You're not at the beach, folks! My rule is that if there's sand, you can wear SANDals. If there's no sand, forget it. Sand plus sandals makes sense. Now, there's a slight caveat that if you're at an enclosed pool-party then it's okay during the time you're at the pool area, then you must put on shoes once you're done. Some pool-parties have barbecue and such with beach chairs, so it's sort of a beach illusion so it's okay. Any kind of island/beach theme party thing going on allows sandal-wear to complete the beach-party ensemble, otherwise, wear something else.
Now if you insist on defying me, and run the risk of persecution, then I give you this last warning, unless your feet are model-quality, I will hunt you down and jeer, and lead others into a jeer-session. Your being in-numbers will not help. I shall, indeed, jeer, and create a jeer-mob against your fugly feet of death. If you have to go to a place to have your feet "scraped" from time to time, it's a good indicator you should never show society your feet, lest you be chased out of town by the villagers while you scream, "I am not an animal, I am a human being!"
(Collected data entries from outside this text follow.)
lemma poly_mat_intertwine:
  assumes A: "A \<in> carrier_mat n n" and B: "B \<in> carrier_mat n d" and C: "C \<in> carrier_mat d d"
    and AB: "A * B = B * C"
  shows "poly_mat p A * B = B * poly_mat p C"
proof (induct p)
  case 0
  then show ?case using A B C by (auto intro!: eq_matI simp: scalar_prod_def)
next
  case (pCons a p)
  have P: "poly_mat p A \<in> carrier_mat n n" and Q: "poly_mat p C \<in> carrier_mat d d" using A C by auto
  have "poly_mat (pCons a p) A * B = a \<cdot>\<^sub>m B + A * (poly_mat p A * B)"
    using A B P by (simp add: poly_mat_pCons[OF A] add_mult_distrib_mat[of _ n n _ _ d]
        assoc_mult_mat[of _ n n _ n _ d] mult_smult_assoc_mat[of _ n n _ d])
  also have "\<dots> = a \<cdot>\<^sub>m B + (A * B) * poly_mat p C"
    using A B Q pCons by (simp add: assoc_mult_mat[of _ n n _ d _ d])
  also have "\<dots> = B * poly_mat (pCons a p) C"
    using B C Q AB by (simp add: poly_mat_pCons[OF C] mult_add_distrib_mat[of _ n d _ d]
        assoc_mult_mat[of _ n d _ d _ d] mult_smult_distrib[of _ n d _ d])
  finally show ?case .
qed

lemma poly_mat_commute:
  assumes A: "A \<in> carrier_mat n n"
  shows "poly_mat p A * A = A * poly_mat p A"
  by (rule poly_mat_intertwine[OF A A A refl])

lemma mult_mat_vec_smult:
  assumes "(A :: 'a::comm_ring_1 mat) \<in> carrier_mat m n" and "v \<in> carrier_vec n"
  shows "A *\<^sub>v (k \<cdot>\<^sub>v v) = k \<cdot>\<^sub>v (A *\<^sub>v v)"
  using assms by (intro eq_vecI) (auto simp: scalar_prod_def sum_distrib_left mult.left_commute)

lemma smult_one_mat_mult_vec:
  assumes x: "x \<in> carrier_vec n"
  shows "(a \<cdot>\<^sub>m 1\<^sub>m n) *\<^sub>v x = (a::'a::comm_ring_1) \<cdot>\<^sub>v x"
proof (intro eq_vecI)
  fix i assume i: "i < dim_vec (a \<cdot>\<^sub>v x)"
  have "((a \<cdot>\<^sub>m 1\<^sub>m n) *\<^sub>v x) $ i = (\<Sum>j \<in> {0..<n}. a * (if j = i then 1 else 0) * x $ j)"
    using x i by (auto simp: scalar_prod_def intro!: sum.cong)
  also have "\<dots> = (\<Sum>j \<in> {0..<n}. if i = j then a * x $ j else 0)"
    by (rule sum.cong) auto
  also have "\<dots> = a * x $ i" using i x by (simp add: sum.delta)
  finally show "((a \<cdot>\<^sub>m 1\<^sub>m n) *\<^sub>v x) $ i = (a \<cdot>\<^sub>v x) $ i" using i by simp
qed (use x in simp)

lemma poly_mat_eigenvector:
  assumes A: "A \<in> carrier_mat n n" and x: "x \<in> carrier_vec n" and Ax: "A *\<^sub>v x = l \<cdot>\<^sub>v x"
  shows "poly_mat p A *\<^sub>v x = poly p l \<cdot>\<^sub>v x"
proof (induct p)
  case 0
  then show ?case using A x by (auto intro!: eq_vecI simp: scalar_prod_def)
next
  case (pCons a p)
  have P: "poly_mat p A \<in> carrier_mat n n" using A by auto
  have "poly_mat (pCons a p) A *\<^sub>v x = (a \<cdot>\<^sub>m 1\<^sub>m n) *\<^sub>v x + A *\<^sub>v (poly p l \<cdot>\<^sub>v x)"
    using A x P pCons
    by (simp add: poly_mat_pCons[OF A] add_mult_distrib_mat_vec[of _ n n] assoc_mult_mat_vec[of _ n n _ n])
  also have "\<dots> = a \<cdot>\<^sub>v x + poly p l \<cdot>\<^sub>v (l \<cdot>\<^sub>v x)"
    using A x Ax by (simp add: smult_one_mat_mult_vec mult_mat_vec_smult[OF A x])
  also have "\<dots> = poly (pCons a p) l \<cdot>\<^sub>v x"
    by (intro eq_vecI) (auto simp: algebra_simps)
  finally show ?case .
qed

lemma poly_mat_eq_0_eigenvalue_root:
  fixes A :: "'a::idom mat"
  assumes A: "A \<in> carrier_mat n n" and p: "poly_mat p A = 0\<^sub>m n n" and "eigenvalue A l"
  shows "poly p l = 0"
proof -
  obtain x where x: "x \<in> carrier_vec n" "x \<noteq> 0\<^sub>v n" and Ax: "A *\<^sub>v x = l \<cdot>\<^sub>v x"
    using \<open>eigenvalue A l\<close> A unfolding eigenvalue_def eigenvector_def by auto
  have "poly p l \<cdot>\<^sub>v x = poly_mat p A *\<^sub>v x" by (rule poly_mat_eigenvector[OF A x(1) Ax, symmetric])
  also have "\<dots> = 0\<^sub>v n" unfolding p using x(1) by (intro eq_vecI) auto
  finally have px: "poly p l \<cdot>\<^sub>v x = 0\<^sub>v n" .
  obtain i where i: "i < n" "x $ i \<noteq> 0" using x by force
  have "poly p l * x $ i = (poly p l \<cdot>\<^sub>v x) $ i" using x(1) i(1) by simp
  also have "\<dots> = 0" using px i(1) by simp
  finally show ?thesis using i(2) by simp
qed

lemma (in comm_ring_hom) poly_mat_hom:
  assumes A: "A \<in> carrier_mat n n"
  shows "mat\<^sub>h (poly_mat p A) = poly_mat (map_poly hom p) (mat\<^sub>h A)"
proof (induct p)
  case 0
  then show ?case using A by (auto intro!: eq_matI)
next
  case (pCons a p)
  have P: "poly_mat p A \<in> carrier_mat n n" using A by auto
  have "mat\<^sub>h (poly_mat (pCons a p) A) = mat\<^sub>h (a \<cdot>\<^sub>m 1\<^sub>m n) + mat\<^sub>h (A * poly_mat p A)"
    using A P by (simp add: poly_mat_pCons[OF A]) (intro eq_matI, auto simp: hom_add)
  also have "\<dots> = hom a \<cdot>\<^sub>m 1\<^sub>m n + mat\<^sub>h A * poly_mat (map_poly hom p) (mat\<^sub>h A)"
    using A P pCons by (simp add: mat_hom_mult[OF A P]) (intro eq_matI, auto)
  also have "\<dots> = poly_mat (map_poly hom (pCons a p)) (mat\<^sub>h A)"
    using A by (simp add: map_poly_pCons_hom poly_mat_pCons[of "mat\<^sub>h A" n])
  finally show ?case .
qed


section \<open>Homogeneous linear systems over integral domains\<close>

lemma mat_kernel_nontrivial:
  fixes B :: "'a::idom mat"
  assumes B: "B \<in> carrier_mat n m" and "n < m"
  shows "\<exists>y \<in> carrier_vec m. y \<noteq> 0\<^sub>v m \<and> B *\<^sub>v y = 0\<^sub>v n"
proof -
  define B' where "B' = mat m m (\<lambda>(i,j). if i < n then B $$ (i,j) else 0)"
  have B': "B' \<in> carrier_mat m m" by (simp add: B'_def)
  have "B' = mat\<^sub>r m m (\<lambda>i. if i = m - 1 then 0\<^sub>v m else row B' i)"
    using B' \<open>n < m\<close> by (intro eq_matI) (auto simp: B'_def)
  also have "det \<dots> = 0"
    using \<open>n < m\<close> B' by (intro det_row_0) auto
  finally have "det B' = 0" .
  then obtain y where y: "y \<in> carrier_vec m" "y \<noteq> 0\<^sub>v m" "B' *\<^sub>v y = 0\<^sub>v m"
    using det_0_iff_vec_prod_zero[OF B'] by auto
  have "B *\<^sub>v y = 0\<^sub>v n"
  proof (intro eq_vecI)
    fix i assume "i < dim_vec (0\<^sub>v n :: 'a vec)"
    then have i: "i < n" by simp
    have "row B i = row B' i" using B i \<open>n < m\<close> by (intro eq_vecI) (auto simp: B'_def)
    then have "(B *\<^sub>v y) $ i = (B' *\<^sub>v y) $ i" using B B' i \<open>n < m\<close> by simp
    then show "(B *\<^sub>v y) $ i = 0\<^sub>v n $ i" using y(3) i \<open>n < m\<close> by simp
  qed (use B in simp)
  with y show ?thesis by blast
qed

lemma injective_mat_dim_le:
  fixes B :: "'a::idom mat"
  assumes B: "B \<in> carrier_mat n m" and inj: "\<forall>y \<in> carrier_vec m. B *\<^sub>v y = 0\<^sub>v n \<longrightarrow> y = 0\<^sub>v m"
  shows "m \<le> n"
  using mat_kernel_nontrivial[OF B] inj by (meson not_le)

lemma scaled_surjective_mat_dim_le:
  fixes B :: "'a::idom mat"
  assumes B: "B \<in> carrier_mat n m"
    and surj: "\<And>i. i < n \<Longrightarrow> \<exists>c y. c \<noteq> 0 \<and> y \<in> carrier_vec m \<and> B *\<^sub>v y = c \<cdot>\<^sub>v unit_vec n i"
  shows "n \<le> m"
proof (rule injective_mat_dim_le)
  show BT: "transpose_mat B \<in> carrier_mat m n" using B by simp
  show "\<forall>z \<in> carrier_vec n. transpose_mat B *\<^sub>v z = 0\<^sub>v m \<longrightarrow> z = 0\<^sub>v n"
  proof (intro ballI impI eq_vecI)
    fix z i assume z: "z \<in> carrier_vec n" and Bz: "transpose_mat B *\<^sub>v z = 0\<^sub>v m"
      and "i < dim_vec (0\<^sub>v n :: 'a vec)"
    then have i: "i < n" by simp
    obtain c y where c: "c \<noteq> 0" and y: "y \<in> carrier_vec m" and By: "B *\<^sub>v y = c \<cdot>\<^sub>v unit_vec n i"
      using surj[OF i] by blast
    have "c * z $ i = z \<bullet> (B *\<^sub>v y)"
      using z i by (simp add: By scalar_prod_smult_distrib scalar_prod_right_unit)
    also have "\<dots> = (transpose_mat B *\<^sub>v z) \<bullet> y"
      by (rule transpose_vec_mult_scalar[OF B y z, symmetric])
    also have "\<dots> = 0" using Bz y by simp
    finally show "z $ i = 0\<^sub>v n $ i" using c i by simp
  qed (use B in simp)
qed

lemma poly_mat_annihilator_exists:
  fixes A :: "'a::field mat"
  assumes A: "A \<in> carrier_mat n n"
  shows "\<exists>p. p \<noteq> 0 \<and> poly_mat p A = 0\<^sub>m n n"
proof -
  define M where "M = Suc (n * n)"
  txt \<open>Column \<open>k\<close> of \<open>W\<close> lists the entries of \<open>A ^ k\<close>, so a kernel vector of \<open>W\<close> is a
    linear dependence among the powers \<open>A ^ 0, \<dots>, A ^ (n * n)\<close>.\<close>
  define W where "W = mat (n * n) M (\<lambda>(r,k). (A ^\<^sub>m k) $$ (r div n, r mod n))"
  obtain c where c: "c \<in> carrier_vec M" "c \<noteq> 0\<^sub>v M" "W *\<^sub>v c = 0\<^sub>v (n * n)"
    using mat_kernel_nontrivial[of W "n * n" M] by (auto simp: W_def M_def)
  define p where "p = (\<Sum>k<M. monom (c $ k) k)"
  obtain k where k: "k < M" "c $ k \<noteq> 0" using c(1,2) by force
  then have "coeff p k \<noteq> 0" by (simp add: p_def coeff_sum coeff_monom)
  then have "p \<noteq> 0" by auto
  moreover have "poly_mat p A = 0\<^sub>m n n"
  proof (intro eq_matI)
    fix i j assume "i < dim_row (0\<^sub>m n n :: 'a mat)" "j < dim_col (0\<^sub>m n n :: 'a mat)"
    then have i: "i < n" and j: "j < n" by auto
    have "i * n + j < Suc i * n" using j by simp
    also have "\<dots> \<le> n * n" using i by (intro mult_le_mono1) simp
    finally have r: "i * n + j < n * n" .
    have sum: "poly_mat (\<Sum>k<K. monom (c $ k) k) A $$ (i, j) = (\<Sum>k<K. c $ k * (A ^\<^sub>m k) $$ (i,j))" for K
      by (induct K) (use A i j in \<open>simp_all add: poly_mat_add[OF A] poly_mat_monom[OF A]\<close>)
    have "(W *\<^sub>v c) $ (i * n + j) = (\<Sum>k<M. c $ k * (A ^\<^sub>m k) $$ (i,j))"
      using c(1) r j by (simp add: W_def scalar_prod_def lessThan_atLeast0 mult.commute)
    then show "poly_mat p A $$ (i, j) = 0\<^sub>m n n $$ (i, j)"
      using c(3) r i j by (simp add: p_def sum)
  qed (use A in auto)
  ultimately show ?thesis by blast
qed


section \<open>Bases of integer lattices\<close>

definition int_submodule :: "nat \<Rightarrow> int vec set \<Rightarrow> bool" where
  "int_submodule n L \<longleftrightarrow> L \<subseteq> carrier_vec n \<and> 0\<^sub>v n \<in> L \<and>
     (\<forall>x \<in> L. \<forall>y \<in> L. x + y \<in> L) \<and> (\<forall>c. \<forall>x \<in> L. c \<cdot>\<^sub>v x \<in> L)"

definition lattice_basis :: "int vec set \<Rightarrow> int mat \<Rightarrow> bool" where
  "lattice_basis L B \<longleftrightarrow> (\<forall>j < dim_col B. col B j \<in> L) \<and>
     (\<forall>y \<in> carrier_vec (dim_col B). B *\<^sub>v y = 0\<^sub>v (dim_row B) \<longrightarrow> y = 0\<^sub>v (dim_col B)) \<and>
     (\<forall>x \<in> L. \<exists>y \<in> carrier_vec (dim_col B). x = B *\<^sub>v y)"

lemma int_submoduleD:
  assumes "int_submodule n L"
  shows "L \<subseteq> carrier_vec n" "0\<^sub>v n \<in> L" "x \<in> L \<Longrightarrow> y \<in> L \<Longrightarrow> x + y \<in> L"
    "x \<in> L \<Longrightarrow> c \<cdot>\<^sub>v x \<in> L"
  using assms by (auto simp: int_submodule_def)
I want you all to have massive self-consciousness against your ugly, nasty, gnarly feet. It's NOT okay to show them off. It's gross. You're gross. Hide them from God, lest he smite you in embarrassment of creating such a freak! God is ashamed of your feet more-so than the platypus! BEGONE! I rebuke thee! Idiots. You're ugly. Stupid. Fag.
Unless you're Piper Fawn. Then it's okay.